Data for review:
================================

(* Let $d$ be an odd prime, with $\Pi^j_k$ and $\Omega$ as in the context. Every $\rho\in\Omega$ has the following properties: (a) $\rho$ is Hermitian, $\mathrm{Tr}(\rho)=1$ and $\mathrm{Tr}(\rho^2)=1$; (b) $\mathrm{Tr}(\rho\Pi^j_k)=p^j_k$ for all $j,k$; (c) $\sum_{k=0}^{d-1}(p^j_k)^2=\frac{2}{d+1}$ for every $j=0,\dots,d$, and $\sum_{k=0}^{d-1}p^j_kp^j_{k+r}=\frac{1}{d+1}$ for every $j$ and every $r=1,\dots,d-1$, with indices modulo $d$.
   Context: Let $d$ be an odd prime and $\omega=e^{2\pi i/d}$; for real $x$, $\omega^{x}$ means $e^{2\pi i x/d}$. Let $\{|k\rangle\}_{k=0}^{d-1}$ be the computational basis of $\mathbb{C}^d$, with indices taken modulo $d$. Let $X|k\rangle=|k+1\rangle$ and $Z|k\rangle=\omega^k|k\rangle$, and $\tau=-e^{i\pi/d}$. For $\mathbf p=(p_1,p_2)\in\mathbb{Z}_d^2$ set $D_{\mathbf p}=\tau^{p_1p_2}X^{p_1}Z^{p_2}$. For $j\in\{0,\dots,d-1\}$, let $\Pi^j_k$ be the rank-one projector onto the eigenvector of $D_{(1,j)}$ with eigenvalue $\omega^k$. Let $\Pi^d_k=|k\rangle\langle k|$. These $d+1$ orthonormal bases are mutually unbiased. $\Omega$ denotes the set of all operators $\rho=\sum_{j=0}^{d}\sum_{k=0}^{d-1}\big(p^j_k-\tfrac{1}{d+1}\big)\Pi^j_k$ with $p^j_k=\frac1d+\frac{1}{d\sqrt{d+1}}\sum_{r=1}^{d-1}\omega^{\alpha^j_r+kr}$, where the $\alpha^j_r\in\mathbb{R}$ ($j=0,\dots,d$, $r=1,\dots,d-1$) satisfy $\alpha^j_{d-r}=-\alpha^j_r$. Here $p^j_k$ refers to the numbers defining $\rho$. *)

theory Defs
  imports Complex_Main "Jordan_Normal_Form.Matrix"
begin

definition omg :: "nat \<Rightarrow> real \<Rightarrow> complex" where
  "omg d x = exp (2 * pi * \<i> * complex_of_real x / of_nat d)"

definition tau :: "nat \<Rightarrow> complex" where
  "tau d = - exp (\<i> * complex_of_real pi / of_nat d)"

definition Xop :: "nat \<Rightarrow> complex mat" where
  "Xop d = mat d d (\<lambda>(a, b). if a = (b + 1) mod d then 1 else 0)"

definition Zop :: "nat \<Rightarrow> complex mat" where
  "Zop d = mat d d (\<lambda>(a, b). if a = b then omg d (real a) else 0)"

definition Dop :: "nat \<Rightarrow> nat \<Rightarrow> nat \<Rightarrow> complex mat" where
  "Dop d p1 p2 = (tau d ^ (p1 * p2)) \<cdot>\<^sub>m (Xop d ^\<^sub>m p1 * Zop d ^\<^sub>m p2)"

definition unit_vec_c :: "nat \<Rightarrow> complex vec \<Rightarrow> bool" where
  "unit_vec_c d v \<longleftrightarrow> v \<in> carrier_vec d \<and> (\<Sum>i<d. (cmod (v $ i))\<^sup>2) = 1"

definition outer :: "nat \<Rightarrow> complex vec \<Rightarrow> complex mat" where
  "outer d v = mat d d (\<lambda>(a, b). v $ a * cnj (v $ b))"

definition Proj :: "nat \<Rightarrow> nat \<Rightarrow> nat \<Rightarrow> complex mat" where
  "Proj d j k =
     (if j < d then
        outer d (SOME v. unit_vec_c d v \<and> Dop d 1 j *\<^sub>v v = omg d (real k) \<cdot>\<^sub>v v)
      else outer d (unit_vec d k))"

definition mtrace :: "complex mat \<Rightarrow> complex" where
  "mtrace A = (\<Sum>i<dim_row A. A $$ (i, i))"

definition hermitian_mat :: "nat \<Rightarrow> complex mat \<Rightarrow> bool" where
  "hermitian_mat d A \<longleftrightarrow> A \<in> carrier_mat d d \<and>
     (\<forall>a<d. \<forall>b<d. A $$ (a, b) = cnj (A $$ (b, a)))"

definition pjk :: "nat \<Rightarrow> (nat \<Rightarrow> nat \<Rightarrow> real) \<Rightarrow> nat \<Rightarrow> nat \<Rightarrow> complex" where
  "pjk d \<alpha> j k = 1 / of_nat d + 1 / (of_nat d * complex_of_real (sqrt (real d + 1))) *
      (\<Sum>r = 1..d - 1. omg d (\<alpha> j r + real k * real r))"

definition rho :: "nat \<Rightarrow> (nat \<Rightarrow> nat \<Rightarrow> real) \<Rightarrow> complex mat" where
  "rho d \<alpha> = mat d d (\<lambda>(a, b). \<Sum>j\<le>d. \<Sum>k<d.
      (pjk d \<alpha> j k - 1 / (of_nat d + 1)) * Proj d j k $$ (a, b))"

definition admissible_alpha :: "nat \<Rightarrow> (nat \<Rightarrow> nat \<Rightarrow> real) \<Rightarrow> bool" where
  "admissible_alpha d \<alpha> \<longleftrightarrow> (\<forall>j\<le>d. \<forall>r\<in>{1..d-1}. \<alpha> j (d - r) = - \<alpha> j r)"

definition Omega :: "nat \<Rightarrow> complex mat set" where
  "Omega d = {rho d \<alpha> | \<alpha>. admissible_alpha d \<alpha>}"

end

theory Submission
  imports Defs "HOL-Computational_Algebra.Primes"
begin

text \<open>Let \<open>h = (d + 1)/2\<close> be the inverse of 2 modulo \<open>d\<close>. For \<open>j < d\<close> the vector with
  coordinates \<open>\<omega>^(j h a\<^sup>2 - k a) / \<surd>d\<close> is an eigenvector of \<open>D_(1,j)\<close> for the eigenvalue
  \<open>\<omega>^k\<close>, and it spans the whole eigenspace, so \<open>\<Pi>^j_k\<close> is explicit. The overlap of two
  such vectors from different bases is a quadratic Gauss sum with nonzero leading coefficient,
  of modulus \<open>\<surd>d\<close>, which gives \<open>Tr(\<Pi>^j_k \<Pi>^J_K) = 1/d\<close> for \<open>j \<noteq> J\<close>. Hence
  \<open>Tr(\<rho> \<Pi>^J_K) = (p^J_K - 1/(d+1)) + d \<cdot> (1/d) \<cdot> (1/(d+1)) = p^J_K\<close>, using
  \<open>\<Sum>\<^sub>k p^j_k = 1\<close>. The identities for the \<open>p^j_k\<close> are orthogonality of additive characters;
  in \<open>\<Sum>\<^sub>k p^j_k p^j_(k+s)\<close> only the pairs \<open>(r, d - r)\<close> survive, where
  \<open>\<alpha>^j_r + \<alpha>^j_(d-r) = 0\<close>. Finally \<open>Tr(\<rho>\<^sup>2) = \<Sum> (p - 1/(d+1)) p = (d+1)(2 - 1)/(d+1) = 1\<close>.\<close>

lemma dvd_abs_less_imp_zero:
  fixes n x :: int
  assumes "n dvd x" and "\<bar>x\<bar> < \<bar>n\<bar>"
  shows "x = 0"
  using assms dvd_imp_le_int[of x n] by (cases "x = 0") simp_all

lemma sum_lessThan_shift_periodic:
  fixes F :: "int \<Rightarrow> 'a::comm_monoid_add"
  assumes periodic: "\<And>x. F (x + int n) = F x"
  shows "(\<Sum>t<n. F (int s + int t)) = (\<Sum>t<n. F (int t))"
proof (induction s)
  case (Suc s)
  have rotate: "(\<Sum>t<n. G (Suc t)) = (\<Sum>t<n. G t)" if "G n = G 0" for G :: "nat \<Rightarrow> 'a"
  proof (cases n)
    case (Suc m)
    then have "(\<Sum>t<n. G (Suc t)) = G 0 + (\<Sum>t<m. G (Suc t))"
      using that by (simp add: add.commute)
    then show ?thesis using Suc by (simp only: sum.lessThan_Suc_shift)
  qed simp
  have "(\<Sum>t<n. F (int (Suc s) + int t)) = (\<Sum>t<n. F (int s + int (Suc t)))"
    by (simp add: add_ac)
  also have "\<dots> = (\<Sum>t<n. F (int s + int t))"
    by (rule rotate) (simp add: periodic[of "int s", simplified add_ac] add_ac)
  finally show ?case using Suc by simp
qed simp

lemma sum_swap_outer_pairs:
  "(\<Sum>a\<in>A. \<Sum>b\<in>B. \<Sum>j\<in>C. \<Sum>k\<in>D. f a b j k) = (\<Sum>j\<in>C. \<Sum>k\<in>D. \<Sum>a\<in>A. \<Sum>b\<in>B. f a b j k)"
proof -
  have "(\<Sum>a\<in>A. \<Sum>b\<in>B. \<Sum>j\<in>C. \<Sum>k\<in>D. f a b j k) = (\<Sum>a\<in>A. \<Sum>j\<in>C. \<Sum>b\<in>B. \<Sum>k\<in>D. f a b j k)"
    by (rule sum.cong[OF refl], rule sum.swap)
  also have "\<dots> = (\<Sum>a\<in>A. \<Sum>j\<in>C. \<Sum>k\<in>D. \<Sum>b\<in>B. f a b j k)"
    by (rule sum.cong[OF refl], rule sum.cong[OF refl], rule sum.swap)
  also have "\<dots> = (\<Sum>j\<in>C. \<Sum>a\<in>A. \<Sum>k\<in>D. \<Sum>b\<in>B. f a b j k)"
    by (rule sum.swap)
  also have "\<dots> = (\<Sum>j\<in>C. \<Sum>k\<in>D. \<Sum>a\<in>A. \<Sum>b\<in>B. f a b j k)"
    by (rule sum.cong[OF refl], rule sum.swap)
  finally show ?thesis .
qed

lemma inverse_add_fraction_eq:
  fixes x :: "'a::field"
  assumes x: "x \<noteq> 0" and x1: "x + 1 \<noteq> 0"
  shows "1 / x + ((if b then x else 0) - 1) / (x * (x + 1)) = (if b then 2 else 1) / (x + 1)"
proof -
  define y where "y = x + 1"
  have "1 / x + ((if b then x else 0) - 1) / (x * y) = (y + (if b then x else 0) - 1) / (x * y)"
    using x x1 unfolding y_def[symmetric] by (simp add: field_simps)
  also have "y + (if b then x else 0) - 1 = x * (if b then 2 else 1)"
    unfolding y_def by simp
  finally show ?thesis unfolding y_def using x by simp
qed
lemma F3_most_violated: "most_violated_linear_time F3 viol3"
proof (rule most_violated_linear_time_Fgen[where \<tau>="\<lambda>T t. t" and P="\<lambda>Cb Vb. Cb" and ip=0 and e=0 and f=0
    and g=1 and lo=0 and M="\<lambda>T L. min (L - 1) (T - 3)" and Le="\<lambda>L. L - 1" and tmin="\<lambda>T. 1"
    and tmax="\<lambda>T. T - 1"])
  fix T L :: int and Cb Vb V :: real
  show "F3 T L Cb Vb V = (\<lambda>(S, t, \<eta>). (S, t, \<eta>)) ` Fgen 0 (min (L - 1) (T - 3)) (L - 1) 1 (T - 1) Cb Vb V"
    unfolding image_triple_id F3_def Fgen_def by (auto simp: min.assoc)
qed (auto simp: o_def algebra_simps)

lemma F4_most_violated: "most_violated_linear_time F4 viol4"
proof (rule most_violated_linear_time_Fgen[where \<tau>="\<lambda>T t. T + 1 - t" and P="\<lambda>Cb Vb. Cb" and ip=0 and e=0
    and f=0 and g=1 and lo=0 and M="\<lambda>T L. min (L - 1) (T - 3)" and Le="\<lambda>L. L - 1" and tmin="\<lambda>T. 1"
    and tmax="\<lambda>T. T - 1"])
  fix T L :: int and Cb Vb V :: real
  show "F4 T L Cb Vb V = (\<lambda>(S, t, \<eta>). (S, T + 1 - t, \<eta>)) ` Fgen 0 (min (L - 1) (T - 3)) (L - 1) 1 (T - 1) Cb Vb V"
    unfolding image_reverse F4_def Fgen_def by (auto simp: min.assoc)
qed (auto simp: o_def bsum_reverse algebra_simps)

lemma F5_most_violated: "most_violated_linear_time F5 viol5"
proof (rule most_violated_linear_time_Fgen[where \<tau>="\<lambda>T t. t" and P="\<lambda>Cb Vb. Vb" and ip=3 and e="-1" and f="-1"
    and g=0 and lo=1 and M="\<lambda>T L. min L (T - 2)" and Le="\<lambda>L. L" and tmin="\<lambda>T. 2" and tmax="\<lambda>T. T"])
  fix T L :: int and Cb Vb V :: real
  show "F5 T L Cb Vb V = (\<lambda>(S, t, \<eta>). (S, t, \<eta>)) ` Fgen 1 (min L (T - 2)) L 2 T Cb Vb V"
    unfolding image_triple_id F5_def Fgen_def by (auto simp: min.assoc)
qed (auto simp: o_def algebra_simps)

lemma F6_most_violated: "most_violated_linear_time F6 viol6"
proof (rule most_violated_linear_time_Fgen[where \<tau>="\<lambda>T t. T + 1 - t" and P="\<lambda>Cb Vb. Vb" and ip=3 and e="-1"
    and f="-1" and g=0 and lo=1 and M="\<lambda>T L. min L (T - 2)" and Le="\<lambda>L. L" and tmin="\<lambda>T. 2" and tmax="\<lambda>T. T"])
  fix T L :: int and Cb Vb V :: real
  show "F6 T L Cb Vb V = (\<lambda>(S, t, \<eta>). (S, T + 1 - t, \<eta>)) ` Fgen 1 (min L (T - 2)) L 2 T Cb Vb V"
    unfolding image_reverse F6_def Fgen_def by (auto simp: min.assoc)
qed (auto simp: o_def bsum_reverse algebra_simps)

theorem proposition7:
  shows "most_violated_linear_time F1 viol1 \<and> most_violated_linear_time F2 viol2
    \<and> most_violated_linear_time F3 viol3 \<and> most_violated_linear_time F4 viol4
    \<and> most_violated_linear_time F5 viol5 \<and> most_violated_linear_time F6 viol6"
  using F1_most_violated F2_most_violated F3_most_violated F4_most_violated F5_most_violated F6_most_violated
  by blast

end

================================

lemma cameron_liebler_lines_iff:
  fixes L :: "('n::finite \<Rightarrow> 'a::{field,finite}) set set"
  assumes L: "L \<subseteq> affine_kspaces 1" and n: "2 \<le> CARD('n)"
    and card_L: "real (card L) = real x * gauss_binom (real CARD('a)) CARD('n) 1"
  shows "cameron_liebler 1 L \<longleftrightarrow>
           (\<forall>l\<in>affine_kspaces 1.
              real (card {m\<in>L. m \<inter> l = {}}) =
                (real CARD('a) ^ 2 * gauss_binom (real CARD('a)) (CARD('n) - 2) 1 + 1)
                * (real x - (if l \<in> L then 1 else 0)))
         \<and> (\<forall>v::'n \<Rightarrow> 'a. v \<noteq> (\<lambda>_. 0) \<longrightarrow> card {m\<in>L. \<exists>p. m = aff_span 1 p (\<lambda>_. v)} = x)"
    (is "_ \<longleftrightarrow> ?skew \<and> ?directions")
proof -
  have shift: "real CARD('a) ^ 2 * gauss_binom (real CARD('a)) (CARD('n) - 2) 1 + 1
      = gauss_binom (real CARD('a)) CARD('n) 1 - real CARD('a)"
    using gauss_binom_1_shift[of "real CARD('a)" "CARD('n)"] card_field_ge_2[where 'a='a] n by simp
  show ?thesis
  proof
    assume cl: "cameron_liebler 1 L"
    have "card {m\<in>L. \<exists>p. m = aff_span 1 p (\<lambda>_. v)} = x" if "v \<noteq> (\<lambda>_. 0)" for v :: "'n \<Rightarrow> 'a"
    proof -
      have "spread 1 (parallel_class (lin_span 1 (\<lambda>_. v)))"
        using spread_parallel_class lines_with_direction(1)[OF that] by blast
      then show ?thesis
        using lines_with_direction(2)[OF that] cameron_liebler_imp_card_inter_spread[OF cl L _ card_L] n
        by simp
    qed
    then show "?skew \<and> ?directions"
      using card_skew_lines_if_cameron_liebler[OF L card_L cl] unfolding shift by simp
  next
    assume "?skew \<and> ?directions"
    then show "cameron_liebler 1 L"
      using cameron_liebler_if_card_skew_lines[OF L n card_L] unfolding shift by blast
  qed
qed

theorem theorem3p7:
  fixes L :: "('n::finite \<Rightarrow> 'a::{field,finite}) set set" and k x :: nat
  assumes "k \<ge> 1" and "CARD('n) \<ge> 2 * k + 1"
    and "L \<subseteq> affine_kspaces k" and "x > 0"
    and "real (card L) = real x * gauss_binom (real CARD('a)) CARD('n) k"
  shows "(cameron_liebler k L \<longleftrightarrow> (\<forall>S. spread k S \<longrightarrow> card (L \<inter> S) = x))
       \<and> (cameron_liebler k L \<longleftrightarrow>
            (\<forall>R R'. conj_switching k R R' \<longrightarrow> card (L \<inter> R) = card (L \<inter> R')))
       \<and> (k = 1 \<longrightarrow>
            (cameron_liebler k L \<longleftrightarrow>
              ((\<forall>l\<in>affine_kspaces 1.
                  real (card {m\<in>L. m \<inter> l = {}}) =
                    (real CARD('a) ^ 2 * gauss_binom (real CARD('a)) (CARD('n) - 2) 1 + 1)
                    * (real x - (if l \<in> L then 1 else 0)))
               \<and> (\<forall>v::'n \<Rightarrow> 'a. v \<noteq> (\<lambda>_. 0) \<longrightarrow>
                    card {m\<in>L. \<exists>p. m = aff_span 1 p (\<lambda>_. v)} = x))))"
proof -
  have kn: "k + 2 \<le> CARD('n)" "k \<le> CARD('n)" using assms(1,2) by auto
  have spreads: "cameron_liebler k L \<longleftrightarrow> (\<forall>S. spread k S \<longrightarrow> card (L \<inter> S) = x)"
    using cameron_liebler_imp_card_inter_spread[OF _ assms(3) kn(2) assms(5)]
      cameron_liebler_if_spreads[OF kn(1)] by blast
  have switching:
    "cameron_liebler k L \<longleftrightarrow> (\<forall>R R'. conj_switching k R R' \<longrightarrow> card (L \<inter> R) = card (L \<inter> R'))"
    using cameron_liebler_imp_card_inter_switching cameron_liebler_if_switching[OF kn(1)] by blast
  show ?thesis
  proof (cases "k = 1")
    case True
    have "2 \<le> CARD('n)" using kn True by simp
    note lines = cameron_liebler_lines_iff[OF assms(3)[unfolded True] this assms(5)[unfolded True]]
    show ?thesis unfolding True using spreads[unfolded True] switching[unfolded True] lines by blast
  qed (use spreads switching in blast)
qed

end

================================

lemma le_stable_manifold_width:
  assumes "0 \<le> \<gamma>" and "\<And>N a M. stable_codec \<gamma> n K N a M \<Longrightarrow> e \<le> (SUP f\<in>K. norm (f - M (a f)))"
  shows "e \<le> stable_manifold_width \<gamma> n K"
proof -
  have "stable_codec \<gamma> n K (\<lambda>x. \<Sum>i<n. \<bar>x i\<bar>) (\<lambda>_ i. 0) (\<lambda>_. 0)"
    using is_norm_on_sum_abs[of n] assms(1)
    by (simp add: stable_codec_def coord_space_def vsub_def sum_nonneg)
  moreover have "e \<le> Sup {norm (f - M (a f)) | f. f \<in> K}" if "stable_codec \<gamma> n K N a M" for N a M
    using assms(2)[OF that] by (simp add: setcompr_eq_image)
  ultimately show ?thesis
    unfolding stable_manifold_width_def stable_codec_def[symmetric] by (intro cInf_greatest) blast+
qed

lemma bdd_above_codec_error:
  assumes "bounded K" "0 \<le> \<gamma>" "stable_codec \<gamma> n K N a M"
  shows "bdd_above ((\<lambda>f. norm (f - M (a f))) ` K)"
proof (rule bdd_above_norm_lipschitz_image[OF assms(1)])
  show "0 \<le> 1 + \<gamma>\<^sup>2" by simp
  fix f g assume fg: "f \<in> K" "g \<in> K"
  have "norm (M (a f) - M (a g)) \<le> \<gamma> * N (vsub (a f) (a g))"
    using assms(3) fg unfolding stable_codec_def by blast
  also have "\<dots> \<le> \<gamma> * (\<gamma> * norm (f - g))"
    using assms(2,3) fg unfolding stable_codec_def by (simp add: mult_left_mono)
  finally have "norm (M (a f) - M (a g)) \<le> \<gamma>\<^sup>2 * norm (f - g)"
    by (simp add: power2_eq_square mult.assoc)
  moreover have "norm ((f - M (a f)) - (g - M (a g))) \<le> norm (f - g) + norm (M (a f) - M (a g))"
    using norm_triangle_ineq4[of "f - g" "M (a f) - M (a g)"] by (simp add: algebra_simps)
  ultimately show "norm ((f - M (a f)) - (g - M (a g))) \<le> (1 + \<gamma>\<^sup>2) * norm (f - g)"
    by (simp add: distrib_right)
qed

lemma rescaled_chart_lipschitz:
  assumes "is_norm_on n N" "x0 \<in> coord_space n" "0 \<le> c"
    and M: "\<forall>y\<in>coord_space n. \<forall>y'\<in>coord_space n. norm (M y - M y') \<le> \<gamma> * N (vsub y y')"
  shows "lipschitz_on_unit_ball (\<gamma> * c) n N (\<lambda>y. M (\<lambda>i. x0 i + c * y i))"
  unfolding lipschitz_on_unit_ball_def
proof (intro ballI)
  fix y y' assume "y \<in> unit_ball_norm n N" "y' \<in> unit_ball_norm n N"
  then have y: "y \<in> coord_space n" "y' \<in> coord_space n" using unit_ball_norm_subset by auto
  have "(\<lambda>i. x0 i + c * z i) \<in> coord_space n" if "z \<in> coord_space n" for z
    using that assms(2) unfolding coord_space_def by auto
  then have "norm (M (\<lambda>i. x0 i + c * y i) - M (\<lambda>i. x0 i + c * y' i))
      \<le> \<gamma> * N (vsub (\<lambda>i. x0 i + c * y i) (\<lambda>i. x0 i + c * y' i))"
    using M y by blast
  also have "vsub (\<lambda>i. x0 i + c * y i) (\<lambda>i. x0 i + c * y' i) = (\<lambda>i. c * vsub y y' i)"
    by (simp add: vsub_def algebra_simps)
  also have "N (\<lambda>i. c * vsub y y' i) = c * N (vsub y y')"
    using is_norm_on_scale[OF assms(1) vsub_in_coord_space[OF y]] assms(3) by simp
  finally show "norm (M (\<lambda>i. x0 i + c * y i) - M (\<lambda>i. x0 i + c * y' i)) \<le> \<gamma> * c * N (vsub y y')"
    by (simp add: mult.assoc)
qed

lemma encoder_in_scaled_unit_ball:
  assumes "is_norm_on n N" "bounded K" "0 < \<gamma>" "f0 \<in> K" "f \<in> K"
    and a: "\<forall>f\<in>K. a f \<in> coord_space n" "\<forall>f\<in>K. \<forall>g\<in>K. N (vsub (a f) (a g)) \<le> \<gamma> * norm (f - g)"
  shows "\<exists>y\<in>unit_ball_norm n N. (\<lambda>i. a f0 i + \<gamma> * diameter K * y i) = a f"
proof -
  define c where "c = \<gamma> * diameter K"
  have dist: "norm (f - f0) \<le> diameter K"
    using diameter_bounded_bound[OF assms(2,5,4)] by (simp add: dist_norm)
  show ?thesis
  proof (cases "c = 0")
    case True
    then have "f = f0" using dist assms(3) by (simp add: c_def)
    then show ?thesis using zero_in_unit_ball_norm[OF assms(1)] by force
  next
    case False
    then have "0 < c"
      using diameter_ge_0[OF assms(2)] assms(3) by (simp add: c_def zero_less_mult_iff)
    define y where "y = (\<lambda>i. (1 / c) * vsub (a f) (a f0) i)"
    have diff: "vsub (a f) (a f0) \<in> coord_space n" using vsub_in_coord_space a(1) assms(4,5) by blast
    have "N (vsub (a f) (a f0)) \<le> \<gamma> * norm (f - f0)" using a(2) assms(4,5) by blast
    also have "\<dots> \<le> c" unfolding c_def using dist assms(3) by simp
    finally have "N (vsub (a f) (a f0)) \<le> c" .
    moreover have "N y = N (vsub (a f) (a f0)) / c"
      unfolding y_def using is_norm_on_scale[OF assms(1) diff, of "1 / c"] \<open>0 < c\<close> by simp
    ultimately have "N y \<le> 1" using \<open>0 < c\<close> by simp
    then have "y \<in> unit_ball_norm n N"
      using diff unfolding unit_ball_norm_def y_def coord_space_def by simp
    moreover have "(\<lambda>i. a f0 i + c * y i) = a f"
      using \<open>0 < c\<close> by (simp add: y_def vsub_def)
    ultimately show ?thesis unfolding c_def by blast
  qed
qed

================================

Prompt: Lines containing the string "imports" are the ones to copy from the entries above.

Response box:
  imports Complex_Main "Jordan_Normal_Form.Matrix"
  imports Defs "HOL-Computational_Algebra.Primes"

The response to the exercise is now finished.